FDA Status: FDA approved, CLIA certified for clinical pathology, compliant with 2025 standards.
Historical Milestone: Introduced in the 2000s by Dako, this test advanced proliferation marker detection, providing a rapid alternative to immunohistochemistry.
Purpose: The test screens for Ki-67 to guide cancer diagnosis, assess tumor status, and inform treatment and prevention strategies.
Test Parameters: Presence of Ki-67, detected with reasonable specificity to indicate cell proliferation, typically detectable in tissue at elevated levels during active disease.
Pretest Condition: No fasting required; patients should avoid food or drink for 30 minutes prior to collection to ensure sample integrity, and they should report pain, weight loss, or recent tumor growth.
Specimen: Tissue 0.5-2 cma³, collected as FFPE, transported within 24 hours to maintain sample viability.
Sample Stability at Room Temperature: 24 hours with proper handling in a cool environment to preserve marker integrity, ensuring reliable test performance.
Sample Stability at Refrigeration: 24 hours at 2-8 degrees Celsius, suitable for short-term storage before laboratory processing, though immediate testing is preferred.
Sample Stability at Frozen: Not recommended, as freezing may degrade markers, increasing the risk of false negatives and compromising diagnostic accuracy.
Medical History: Patients should provide details on pain, weight loss, prior cancer, or family history of oncologic disease, as well as any recent trauma or treatments.
Consent: Written informed consent is required, detailing the test's purpose, potential risks of untreated cancer including metastasis, benefits of early detection, and minimal discomfort from sample collection.
Procedural Considerations: The test utilizes an immunochromatographic cassette requiring trained personnel to ensure sterile technique, avoid contamination, and interpret results within 15-20 minutes using provided positive and negative controls. Laboratories must maintain a controlled environment, adhere to quality assurance protocols, and store test kits according to manufacturer specifications to ensure reliability.
Factors Affecting Result Accuracy: Delays beyond 24 hours, improper storage conditions, cross-contamination with other samples, or recent therapy can affect results. Correlation with biopsy or imaging is recommended to confirm findings.

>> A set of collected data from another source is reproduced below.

(* Let $\mathbb{T}$ be a geometric theory over $\Sigma$, let $\{\mathbf{x}\mid\phi\}$ and $\{\mathbf{x},\mathbf{y}\mid\psi\}$ be formulas in context, and let $\mathbf{a}$ be a tuple of pairwise distinct elements of $\mathbb{S}$ of the same length as $\mathbf{y}$. Then the stabilization (with respect to the action $\theta$) of the basic open subset \[[\![\{\mathbf{x},\mathbf{y}\mid\psi\},\mathbf{a}]\!]=\{(\mathbf{M},[\mathbf{b}]):([\mathbf{b}],[\mathbf{a}])\in[\![\mathbf{x},\mathbf{y}\mid\phi\wedge\psi]\!]^{\mathbf{M}}\}\subseteq[\![\mathbf{x}\mid\phi]\!]\] is the definable subset $[\![\mathbf{x}\mid\phi\wedge\exists\mathbf{y}\,\psi]\!]\subseteq[\![\mathbf{x}\mid\phi]\!]$.
   Context: $\Sigma$ is a single-sorted first-order signature with equality, $\kappa\geq|\Sigma|+\aleph_0$ an infinite cardinal, $\mathbb{S}$ a fixed set of cardinality at least $\kappa$. $M_{\mathbb{T}}$ is the set of $\mathbb{T}$-models whose underlying set is a quotient of a subset of $\mathbb{S}$ (elements written $[a]$), and $I_{\mathbb{T}}$ the set of isomorphisms between them. For a formula in context $\{\mathbf{x}\mid\phi\}$, $[\![\mathbf{x}\mid\phi]\!]=\{(\mathbf{M},[\mathbf{b}]):\mathbf{M}\in M_{\mathbb{T}},[\mathbf{b}]\in\phi^{\mathbf{M}}\}$, with the action $\theta(\mathbf{f}:\mathbf{M}\to\mathbf{N},(\mathbf{M},[\mathbf{b}]))=(\mathbf{N},\mathbf{f}([\mathbf{b}]))$ of $I_{\mathbb{T}}$. A subset is stable if it is closed under this action, and the stabilization of a subset is the least stable subset containing it. *)

theory Defs
  imports Main
begin

datatype 'f trm = Var nat | App 'f "'f trm list"

datatype ('f, 'r, 'i) gfm =
    Tru
  | Rel 'r "'f trm list"
  | Eq "'f trm" "'f trm"
  | Conj "('f, 'r, 'i) gfm" "('f, 'r, 'i) gfm"
  | Disj "'i set" "'i \<Rightarrow> ('f, 'r, 'i) gfm"
  | Ex nat "('f, 'r, 'i) gfm"

fun fv_trm :: "'f trm \<Rightarrow> nat set" where
  "fv_trm (Var n) = {n}"
| "fv_trm (App g ts) = (\<Union>t\<in>set ts. fv_trm t)"

fun wf_trm :: "('f \<Rightarrow> nat) \<Rightarrow> 'f trm \<Rightarrow> bool" where
  "wf_trm arF (Var n) = True"
| "wf_trm arF (App g ts) = (length ts = arF g \<and> (\<forall>t\<in>set ts. wf_trm arF t))"

primrec fv :: "('f, 'r, 'i) gfm \<Rightarrow> nat set" where
  "fv Tru = {}"
| "fv (Rel r ts) = (\<Union>t\<in>set ts. fv_trm t)"
| "fv (Eq s t) = fv_trm s \<union> fv_trm t"
| "fv (Conj p q) = fv p \<union> fv q"
| "fv (Disj I F) = (\<Union>i\<in>I. fv (F i))"
| "fv (Ex n p) = fv p - {n}"

primrec wf_fm :: "('f \<Rightarrow> nat) \<Rightarrow> ('r \<Rightarrow> nat) \<Rightarrow> ('f, 'r, 'i) gfm \<Rightarrow> bool" where
  "wf_fm arF arR Tru = True"
| "wf_fm arF arR (Rel r ts) = (length ts = arR r \<and> (\<forall>t\<in>set ts. wf_trm arF t))"
| "wf_fm arF arR (Eq s t) = (wf_trm arF s \<and> wf_trm arF t)"
| "wf_fm arF arR (Conj p q) = (wf_fm arF arR p \<and> wf_fm arF arR q)"
| "wf_fm arF arR (Disj I F) = (\<forall>i\<in>I. wf_fm arF arR (F i))"
| "wf_fm arF arR (Ex n p) = wf_fm arF arR p"

definition fm_in_ctx :: "('f \<Rightarrow> nat) \<Rightarrow> ('r \<Rightarrow> nat) \<Rightarrow> nat list \<Rightarrow> ('f, 'r, 'i) gfm \<Rightarrow> bool" where
  "fm_in_ctx arF arR x p \<longleftrightarrow> distinct x \<and> wf_fm arF arR p \<and> fv p \<subseteq> set x"

definition Exs :: "nat list \<Rightarrow> ('f, 'r, 'i) gfm \<Rightarrow> ('f, 'r, 'i) gfm" where
  "Exs ys p = foldr Ex ys p"

type_synonym ('f, 'r, 'i) sequent = "nat list \<times> ('f, 'r, 'i) gfm \<times> ('f, 'r, 'i) gfm"

definition geom_theory :: "('f \<Rightarrow> nat) \<Rightarrow> ('r \<Rightarrow> nat) \<Rightarrow> ('f, 'r, 'i) sequent set \<Rightarrow> bool" where
  "geom_theory arF arR T \<longleftrightarrow>
     (\<forall>(x, p, q)\<in>T. fm_in_ctx arF arR x p \<and> fm_in_ctx arF arR x q)"

text \<open>A structure: a subset dom of S, an equivalence relation eqv on it; the underlying
set is dom // eqv (elements are classes [a]); interpretations of function and relation
symbols on classes.\<close>
record ('a, 'f, 'r) strc =
  dom :: "'a set"
  eqv :: "('a \<times> 'a) set"
  fn  :: "'f \<Rightarrow> 'a set list \<Rightarrow> 'a set"
  rl  :: "'r \<Rightarrow> 'a set list set"

definition carrier :: "('a, 'f, 'r) strc \<Rightarrow> 'a set set" where
  "carrier M = dom M // eqv M"

definition cls :: "('a, 'f, 'r) strc \<Rightarrow> 'a \<Rightarrow> 'a set" where
  "cls M a = eqv M `` {a}"

definition wf_strc :: "'a set \<Rightarrow> ('f \<Rightarrow> nat) \<Rightarrow> ('r \<Rightarrow> nat) \<Rightarrow> ('a, 'f, 'r) strc \<Rightarrow> bool" where
  "wf_strc S arF arR M \<longleftrightarrow>
     dom M \<subseteq> S \<and> equiv (dom M) (eqv M) \<and>
     (\<forall>g bs. (length bs = arF g \<and> set bs \<subseteq> carrier M \<longrightarrow> fn M g bs \<in> carrier M) \<and>
             (\<not> (length bs = arF g \<and> set bs \<subseteq> carrier M) \<longrightarrow> fn M g bs = undefined)) \<and>
     (\<forall>r. rl M r \<subseteq> {bs. length bs = arR r \<and> set bs \<subseteq> carrier M})"

fun eval :: "('a, 'f, 'r) strc \<Rightarrow> (nat \<Rightarrow> 'a set) \<Rightarrow> 'f trm \<Rightarrow> 'a set" where
  "eval M v (Var n) = v n"
| "eval M v (App g ts) = fn M g (map (eval M v) ts)"

primrec sat :: "('a, 'f, 'r) strc \<Rightarrow> ('f, 'r, 'i) gfm \<Rightarrow> (nat \<Rightarrow> 'a set) \<Rightarrow> bool" where
  "sat M Tru v = True"
| "sat M (Rel r ts) v = (map (eval M v) ts \<in> rl M r)"
| "sat M (Eq s t) v = (eval M v s = eval M v t)"
| "sat M (Conj p q) v = (sat M p v \<and> sat M q v)"
| "sat M (Disj I F) v = (\<exists>i\<in>I. sat M (F i) v)"
| "sat M (Ex n p) v = (\<exists>c\<in>carrier M. sat M p (v(n := c)))"

definition asg :: "nat list \<Rightarrow> 'a set list \<Rightarrow> nat \<Rightarrow> 'a set" where
  "asg x bs = (\<lambda>n. case map_of (zip x bs) n of Some c \<Rightarrow> c | None \<Rightarrow> undefined)"

definition interp :: "('a, 'f, 'r) strc \<Rightarrow> nat list \<Rightarrow> ('f, 'r, 'i) gfm \<Rightarrow> 'a set list set" where
  "interp M x p = {bs. length bs = length x \<and> set bs \<subseteq> carrier M \<and> sat M p (asg x bs)}"

definition is_model :: "'a set \<Rightarrow> ('f \<Rightarrow> nat) \<Rightarrow> ('r \<Rightarrow> nat) \<Rightarrow> ('f, 'r, 'i) sequent set
    \<Rightarrow> ('a, 'f, 'r) strc \<Rightarrow> bool" where
  "is_model S arF arR T M \<longleftrightarrow> wf_strc S arF arR M \<and>
     (\<forall>(x, p, q)\<in>T. interp M x p \<subseteq> interp M x q)"

definition M_T :: "'a set \<Rightarrow> ('f \<Rightarrow> nat) \<Rightarrow> ('r \<Rightarrow> nat) \<Rightarrow> ('f, 'r, 'i) sequent set
    \<Rightarrow> ('a, 'f, 'r) strc set" where
  "M_T S arF arR T = {M. is_model S arF arR T M}"

definition is_iso :: "('f \<Rightarrow> nat) \<Rightarrow> ('r \<Rightarrow> nat) \<Rightarrow> ('a, 'f, 'r) strc \<Rightarrow> ('a, 'f, 'r) strc
    \<Rightarrow> ('a set \<Rightarrow> 'a set) \<Rightarrow> bool" where
  "is_iso arF arR M N f \<longleftrightarrow>
     bij_betw f (carrier M) (carrier N) \<and> (\<forall>c. c \<notin> carrier M \<longrightarrow> f c = undefined) \<and>
     (\<forall>g bs. length bs = arF g \<and> set bs \<subseteq> carrier M \<longrightarrow> f (fn M g bs) = fn N g (map f bs)) \<and>
     (\<forall>r bs. length bs = arR r \<and> set bs \<subseteq> carrier M \<longrightarrow> (bs \<in> rl M r \<longleftrightarrow> map f bs \<in> rl N r))"

definition I_T :: "'a set \<Rightarrow> ('f \<Rightarrow> nat) \<Rightarrow> ('r \<Rightarrow> nat) \<Rightarrow> ('f, 'r, 'i) sequent set
    \<Rightarrow> (('a, 'f, 'r) strc \<times> ('a, 'f, 'r) strc \<times> ('a set \<Rightarrow> 'a set)) set" where
  "I_T S arF arR T = {(M, N, f). M \<in> M_T S arF arR T \<and> N \<in> M_T S arF arR T \<and> is_iso arF arR M N f}"

definition definable :: "'a set \<Rightarrow> ('f \<Rightarrow> nat) \<Rightarrow> ('r \<Rightarrow> nat) \<Rightarrow> ('f, 'r, 'i) sequent set
    \<Rightarrow> nat list \<Rightarrow> ('f, 'r, 'i) gfm \<Rightarrow> (('a, 'f, 'r) strc \<times> 'a set list) set" where
  "definable S arF arR T x p = {(M, bs). M \<in> M_T S arF arR T \<and> bs \<in> interp M x p}"

text \<open>Stability under the action theta(f : M -> N, (M, [b])) = (N, f([b])).\<close>
definition stable :: "'a set \<Rightarrow> ('f \<Rightarrow> nat) \<Rightarrow> ('r \<Rightarrow> nat) \<Rightarrow> ('f, 'r, 'i) sequent set
    \<Rightarrow> (('a, 'f, 'r) strc \<times> 'a set list) set \<Rightarrow> bool" where
  "stable S arF arR T X \<longleftrightarrow>
     (\<forall>(M, N, f)\<in>I_T S arF arR T. \<forall>bs. (M, bs) \<in> X \<longrightarrow> (N, map f bs) \<in> X)"

definition stabilization :: "'a set \<Rightarrow> ('f \<Rightarrow> nat) \<Rightarrow> ('r \<Rightarrow> nat) \<Rightarrow> ('f, 'r, 'i) sequent set
    \<Rightarrow> nat list \<Rightarrow> ('f, 'r, 'i) gfm \<Rightarrow> (('a, 'f, 'r) strc \<times> 'a set list) set
    \<Rightarrow> (('a, 'f, 'r) strc \<times> 'a set list) set" where
  "stabilization S arF arR T x p X =
     \<Inter> {Y. X \<subseteq> Y \<and> Y \<subseteq> definable S arF arR T x p \<and> stable S arF arR T Y}"

definition basic_open :: "'a set \<Rightarrow> ('f \<Rightarrow> nat) \<Rightarrow> ('r \<Rightarrow> nat) \<Rightarrow> ('f, 'r, 'i) sequent set
    \<Rightarrow> nat list \<Rightarrow> nat list \<Rightarrow> ('f, 'r, 'i) gfm \<Rightarrow> ('f, 'r, 'i) gfm \<Rightarrow> 'a list
    \<Rightarrow> (('a, 'f, 'r) strc \<times> 'a set list) set" where
  "basic_open S arF arR T x y p q a =
     {(M, bs). M \<in> M_T S arF arR T \<and> set a \<subseteq> dom M \<and>
               bs @ map (cls M) a \<in> interp M (x @ y) (Conj p q)}"

end

theory Submission
  imports Defs "HOL-Library.FuncSet"
begin

text \<open>
  The definable set \<open>[[x | \<phi> \<and> \<exists>y \<psi>]]\<close> is stable (satisfaction is invariant under
  isomorphism) and contains the basic open set, so it contains its stabilization.
  Conversely, let \<open>(M, [b])\<close> be in it, witnessed by \<open>[c]\<close>. Since \<open>S\<close> is infinite and
  \<open>|M| \<le> |S|\<close>, there is a surjection \<open>h\<close> from some \<open>D \<subseteq> S\<close> onto \<open>M\<close> with \<open>h a = [c]\<close>.
  Pulling \<open>M\<close> back along \<open>h\<close> gives an isomorphic model \<open>N\<close> with carrier \<open>D // ker h\<close> in
  which the class of \<open>a\<close> is the image of \<open>[c]\<close>; so the image of \<open>(M, [b])\<close> in \<open>N\<close> lies in
  the basic open set, and \<open>(M, [b])\<close> lies in every stable set containing that set.
\<close>

lemma eval_cong: "(\<And>n. n \<in> fv_trm t \<Longrightarrow> v n = w n) \<Longrightarrow> eval M v t = eval M w t"
proof (induction t)
  case (App g ts)
  have "eval M v t = eval M w t" if "t \<in> set ts" for t
  proof (rule App.IH[OF that])
    show "v n = w n" if "n \<in> fv_trm t" for n
      using \<open>t \<in> set ts\<close> that by (intro App.prems) auto
  qed
  then have "map (eval M v) ts = map (eval M w) ts" by (rule map_cong[OF refl])
  then show ?case by (simp only: eval.simps)
qed simp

Clinical Significance: A positive result indicates possible cancer proliferation, necessitating further investigation like biopsy or oncology consultation. A negative result may require follow-up testing if symptoms persist, especially if sampled during early stages.
Specialist Consultation: Oncologists should be consulted for case management, treatment planning, and coordination with cancer programs.
Additional Supporting Tests: Biopsy, CEA, or CT scan for confirmation.
Test Limitations: The test may produce false positives in inflammation or false negatives in early disease, requiring a comprehensive diagnostic approach that includes clinical correlation.
References: NCCN Guidelines 2023, Journal of Oncology 2024, Pathology 2025.